BEGIN RECORDS SUPPLIED

(* Let $G$ be connected with weights $w:E\to\mathbb{R}_{>0}$, let $\pi$ be a vertex order and let $m_P$ be the perfect metric on $G_\pi^*$. Let $R$ be the set of edges $\{x,y\}$ of $G_\pi^*$, where $x$ denotes the lower-ranked endpoint, for which there exists a vertex $z\neq y$ of rank larger than the rank of $x$, adjacent to both $x$ and $y$ in $G_\pi^*$, with $m_P(\{x,y\})=m_P(\{x,z\})+m_P(\{z,y\})$. Then (i) for all $s,t\in V$ there is an up-down $s$–$t$ path in $G_\pi^*$ that uses no edge of $R$ and whose $m_P$-length equals $\mathrm{dist}_I(s,t)$; and (ii) for every edge $\{x,y\}\notin R$ of $G_\pi^*$, the one-edge path $x,y$ is the only up-down $x$–$y$ path in $G_\pi^*$ whose $m_P$-length equals $\mathrm{dist}_I(x,y)$.
   Context: Let $G=(V,E)$ be a finite simple undirected graph with $n=|V|$ vertices. A vertex order is a bijection $\pi:\{1,\dots,n\}\to V$; the rank of $v$ is $\pi^{-1}(v)$. Contracting a vertex $v$ in a graph means deleting $v$ and its incident edges and adding an edge between every pair of former neighbors of $v$ that are not already adjacent. The core graph $G_{\pi,i}$ is obtained from $G$ by contracting $\pi(1),\dots,\pi(i-1)$ in this order. $G_\pi^*$ is the graph on $V$ whose edge set is the union of the edge sets of all $G_{\pi,i}$, $i=1,\dots,n$ (i.e. $G$ together with all edges inserted during the contractions). Let $w:E\to\mathbb{R}_{>0}$ and let $\mathrm{dist}_I(s,t)$ be the shortest $s$–$t$ path length in $(G,w)$. A metric is a map $m$ assigning to every edge of $G_\pi^*$ a value in $\mathbb{R}_{>0}\cup\{\infty\}$; the $m$-length of a path in $G_\pi^*$ is the sum of $m$ over its edges. An up-down path is a path $v_0,\dots,v_k$ in $G_\pi^*$ for which there is $j$ with the ranks strictly increasing along $v_0,\dots,v_j$ and strictly decreasing along $v_j,\dots,v_k$. The perfect metric is $m_P(\{x,y\})=\mathrm{dist}_I(x,y)$ for every edge $\{x,y\}$ of $G_\pi^*$. *)

theory Defs
  imports Complex_Main
begin

definition simple_graph :: "'a set \<Rightarrow> 'a set set \<Rightarrow> bool" where
  "simple_graph V E \<longleftrightarrow> finite V \<and> (\<forall>e\<in>E. \<exists>x y. x \<in> V \<and> y \<in> V \<and> x \<noteq> y \<and> e = {x, y})"

definition gpath :: "'a set set \<Rightarrow> 'a list \<Rightarrow> bool" where
  "gpath F p \<longleftrightarrow> p \<noteq> [] \<and> distinct p \<and> (\<forall>i. i + 1 < length p \<longrightarrow> {p ! i, p ! (i + 1)} \<in> F)"

definition connected_graph :: "'a set \<Rightarrow> 'a set set \<Rightarrow> bool" where
  "connected_graph V E \<longleftrightarrow> (\<forall>s\<in>V. \<forall>t\<in>V. \<exists>p. gpath E p \<and> hd p = s \<and> last p = t)"

definition plen :: "('a set \<Rightarrow> real) \<Rightarrow> 'a list \<Rightarrow> real" where
  "plen m p = (\<Sum>i<length p - 1. m {p ! i, p ! (i + 1)})"

definition distI :: "'a set set \<Rightarrow> ('a set \<Rightarrow> real) \<Rightarrow> 'a \<Rightarrow> 'a \<Rightarrow> real" where
  "distI E w s t = Min {plen w p | p. gpath E p \<and> hd p = s \<and> last p = t}"

definition contract :: "'a \<Rightarrow> 'a set set \<Rightarrow> 'a set set" where
  "contract v F = {e \<in> F. v \<notin> e} \<union> {{x, y} | x y. x \<noteq> y \<and> {x, v} \<in> F \<and> {y, v} \<in> F}"

(* core k = edge set of G_{pi,k+1}, i.e. after contracting pi 1, ..., pi k *)
fun core :: "'a set set \<Rightarrow> (nat \<Rightarrow> 'a) \<Rightarrow> nat \<Rightarrow> 'a set set" where
  "core E \<pi> 0 = E"
| "core E \<pi> (Suc k) = contract (\<pi> (Suc k)) (core E \<pi> k)"

definition Estar :: "'a set \<Rightarrow> 'a set set \<Rightarrow> (nat \<Rightarrow> 'a) \<Rightarrow> 'a set set" where
  "Estar V E \<pi> = (\<Union>k<card V. core E \<pi> k)"

definition rank :: "'a set \<Rightarrow> (nat \<Rightarrow> 'a) \<Rightarrow> 'a \<Rightarrow> nat" where
  "rank V \<pi> v = inv_into {1..card V} \<pi> v"

definition mP :: "'a set set \<Rightarrow> ('a set \<Rightarrow> real) \<Rightarrow> 'a set \<Rightarrow> real" where
  "mP E w e = (SOME d. \<exists>x y. e = {x, y} \<and> d = distI E w x y)"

END RECORDS SUPPLIED

- **TASK DESCRIPTION**
Only the lines from the one containing "real) \<Rightarrow> 'a set" through the end of the records above belong in the output, each exactly as it stands, both ends included.

- **REPLY TO THE TASK**
definition mP :: "'a set set \<Rightarrow> ('a set \<Rightarrow> real) \<Rightarrow> 'a set \<Rightarrow> real" where
  "mP E w e = (SOME d. \<exists>x y. e = {x, y} \<and> d = distI E w x y)"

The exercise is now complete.